In der Stadt Gießen entsteht am östlichen Innenstadtrand auf dem ehemaligen US-Motorpool-Gelände das neue Quartier „Philosophenhöhe“ mit mehr als 300 Wohnungen und Gewerbebauten und einem innovativen Energiemanagement, das unterschiedliche Technologien kombiniert. Herzstück des Viertels wird ein neu entwickelter Hybridspeicher, der flexibel Wärme und Strom speichern kann. Das zugehörige Forschungsprojekt „FlexQuartier“ wird vom Team des Kompetenzzentrums für Energietechnik und Energiemanagement (etem.THM) umgesetzt und vom Bund mit rund 4,6 Mio. Euro gefördert.
„Rund ein Drittel des hessischen Endenergieverbrauchs entfallen noch immer auf Heizung, Beleuchtung und Warmwasserversorgung unserer Gebäude. Durch moderne Technologien kann gerade bei Neubau-Projekten die Energiewende umgesetzt werden“, sagte Wirtschafts- und Energieminister Tarek Al-Wazir beim Besuch der Baustelle. „Energieressourcen sollen im FlexQuartier flexibel genutzt werden, damit der Eigenbedarf vermehrt lokal gedeckt sowie Netzkosten reduziert werden können. Ein echtes Leuchtturmprojekt!“, so der Minister.
Vor Ort intelligent miteinander verknüpfen
Professor Stefan Lechner vom Fachbereich Maschinenbau und Energietechnik der Technischen Hochschule Mittelhessen ist Projektleiter und will mit seinem Team Strom- und Wärmesektor vor Ort intelligent miteinander verknüpfen. „Das besondere am Hybridspeicher: Bisherige Speicher lassen sich in mechanische, elektrische, chemische und thermische Technologien einteilen. Der Hybridspeicher im FlexQuartier stellt eine Kombination von Speichertechnologien dar und verknüpft deren Vorteile. Besonders innovativ ist die Speicherung von Strom in Form von Hochtemperaturwärme und bedarfsgerechter Rückverstromung in unserer sogenannten Carnot-Batterie, die eine sehr preisgünstige Energiespeicherung mittels Keramiksteinen ermöglicht. Auch die Bereitstellung von netzstabilisierenden Dienstleistungen, sogenannter Regelenergie die bisher überwiegend von Großkraftwerken erbracht wurde, ist eine Besonderheit unseres Quartierspeichers“, erläuterte Prof. Lechner.

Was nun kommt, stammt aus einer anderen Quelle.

definition recurrent :: "('a::topological_space \<Rightarrow> 'a) \<Rightarrow> bool" where
  "recurrent U \<longleftrightarrow> (\<forall>V. open V \<and> V \<noteq> {} \<longrightarrow> (\<exists>k::nat. k > 0 \<and> V \<inter> (U ^^ k) -` V \<noteq> {}))"

definition rigid :: "('a::topological_space \<Rightarrow> 'a) \<Rightarrow> bool" where
  "rigid U \<longleftrightarrow> (\<exists>k::nat \<Rightarrow> nat. strict_mono k \<and> (\<forall>n. k n > 0) \<and>
                    (\<forall>x. (\<lambda>n. (U ^^ k n) x) \<longlonglongrightarrow> x))"

end

theory Submission
  imports Defs
begin

text \<open>Conversely, for an isometry recurrence says that
for every vector u the displacements \<open>\<parallel>U\<^sup>k u - u\<parallel>\<close> become arbitrarily small for suitable
\<open>k > 0\<close>, and multiples of such \<open>k\<close> can be taken arbitrarily large. The heart of the proof is
that a single vector controls finitely many: given x, y and \<open>\<epsilon>\<close>, a vector \<open>u = M x + z\<close>
makes the displacements of x and y smaller than \<open>\<epsilon>\<close> whenever its own is small enough.
Here z is a component of y almost orthogonal to the subspace of vectors whose
displacements are dominated by those of x. Since this subspace contains x together with its
images and preimages, the displacements of x and z are almost orthogonal, so neither can
cancel the other in the displacement of u. A diagonal argument along a dense sequence
then produces a rigidity sequence.\<close>

lemma orthogonal_transformation_funpow:
  fixes f :: "'a::real_inner \<Rightarrow> 'a"
  shows "orthogonal_transformation f \<Longrightarrow> orthogonal_transformation (f ^^ n)"
  by (induction n) (simp_all add: id_def orthogonal_transformation_compose)
lemma bidegree_le_deg: "bidegree_le (deg1 p) (deg2 p) p"
  unfolding bidegree_le_def
proof (intro allI impI)
  fix i j assume ij: "deg1 p < i \<or> deg2 p < j"
  show "bcoeff p i j = 0"
  proof (cases "j \<le> degree p")
    case True
    then have "degree (coeff p j) \<le> deg1 p" unfolding deg1_def by (intro Max_ge) auto
    with ij True show ?thesis by (auto simp: bcoeff_def deg2_def coeff_eq_0)
  qed (simp add: bcoeff_def coeff_eq_0)
qed

lemma bcoeff_refl2:
  "bcoeff (refl2 n m f) i j = (if i \<le> n \<and> j \<le> m then cnj (bcoeff f (n - i) (m - j)) else 0)"
  by (simp add: refl2_def bcoeff_def coeff_sum coeff_monom if_distrib[where f="\<lambda>x. coeff x i"]
        sum.delta cong: if_cong) (auto intro!: sum.neutral)

lemma bidegree_le_refl2: "bidegree_le n m (refl2 n m f)"
  by (auto simp: bidegree_le_def bcoeff_refl2)

lemma eval2_bidegree_le:
  assumes "bidegree_le n m f"
  shows "eval2 f a b = (\<Sum>i\<le>n. \<Sum>j\<le>m. bcoeff f i j * a ^ i * b ^ j)"
proof -
  have "degree f \<le> m"
    by (rule degree_le) (use assms in \<open>auto simp: bidegree_le_def bcoeff_def poly_eq_iff\<close>)
  then have deg_f: "degree (map_poly (\<lambda>c. poly c a) f) \<le> m"
    using map_poly_degree_leq le_trans by blast
  have deg_coeff: "degree (coeff f j) \<le> n" for j
    by (rule degree_le) (use assms in \<open>auto simp: bidegree_le_def bcoeff_def\<close>)
  have "eval2 f a b = (\<Sum>j\<le>m. coeff (map_poly (\<lambda>c. poly c a) f) j * b ^ j)"
    unfolding eval2_def using deg_f by (rule poly_altdef_le)
  also have "\<dots> = (\<Sum>j\<le>m. (\<Sum>i\<le>n. bcoeff f i j * a ^ i) * b ^ j)"
    by (simp add: coeff_map_poly poly_altdef_le[OF deg_coeff] bcoeff_def)
  also have "\<dots> = (\<Sum>i\<le>n. \<Sum>j\<le>m. bcoeff f i j * a ^ i * b ^ j)"
    by (simp add: sum_distrib_right sum.swap[of _ "{..n}"])
  finally show ?thesis .
qed

subsection \<open>Homogeneous coordinates\<close>

text \<open>A pair \<open>(s, a) \<noteq> (0, 0)\<close> stands for the point \<open>a / s\<close> of \<open>\<complex>\<^sub>\<infinity>\<close>.\<close>
definition homog2 :: "bipoly \<Rightarrow> nat \<Rightarrow> nat \<Rightarrow> complex \<times> complex \<Rightarrow> complex \<times> complex \<Rightarrow> complex" where
  "homog2 f n m P Q =
     (\<Sum>i\<le>n. \<Sum>j\<le>m. bcoeff f i j * snd P ^ i * fst P ^ (n - i) * snd Q ^ j * fst Q ^ (m - j))"

lemma homog2_affine:
  assumes "bidegree_le n m f"
  shows "homog2 f n m (1, a) (1, b) = eval2 f a b"
  by (simp add: homog2_def eval2_bidegree_le[OF assms])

Bei der Stromversorgung des Quartiers setzen die Partnerinnen und Partner vor allem auf erneuerbare Energie aus Photovoltaik-Anlagen. Durch Mitwirkung der Stadt Gießen konnte sichergestellt werden, dass auf mindestens 50 Prozent der Dachflächen Photovoltaik-Anlagen installiert werden. Nicht direkt für den Eigenbedarf benötigter Strom wird tagsüber auch im Hybridspeicher zwischengespeichert und deckt somit nächtliche Strombedarfe, kann aber auch für die Wärmeversorgung des Quartiers durch Wärmepumpen eingesetzt werden. Über diese wird auch die Umgebungswärme sowie die Abwärme der Energiezentrale für die Bewohnerinnen und Bewohner nutzbar gemacht. Der Mobilitätssektor wird im Quartier ebenfalls berücksichtigt, neben vielen verteilten Ladepunkten an den Wohngebäuden ist das Laden von E-Autos auch direkt auf dem Gelände der Energiezentrale möglich.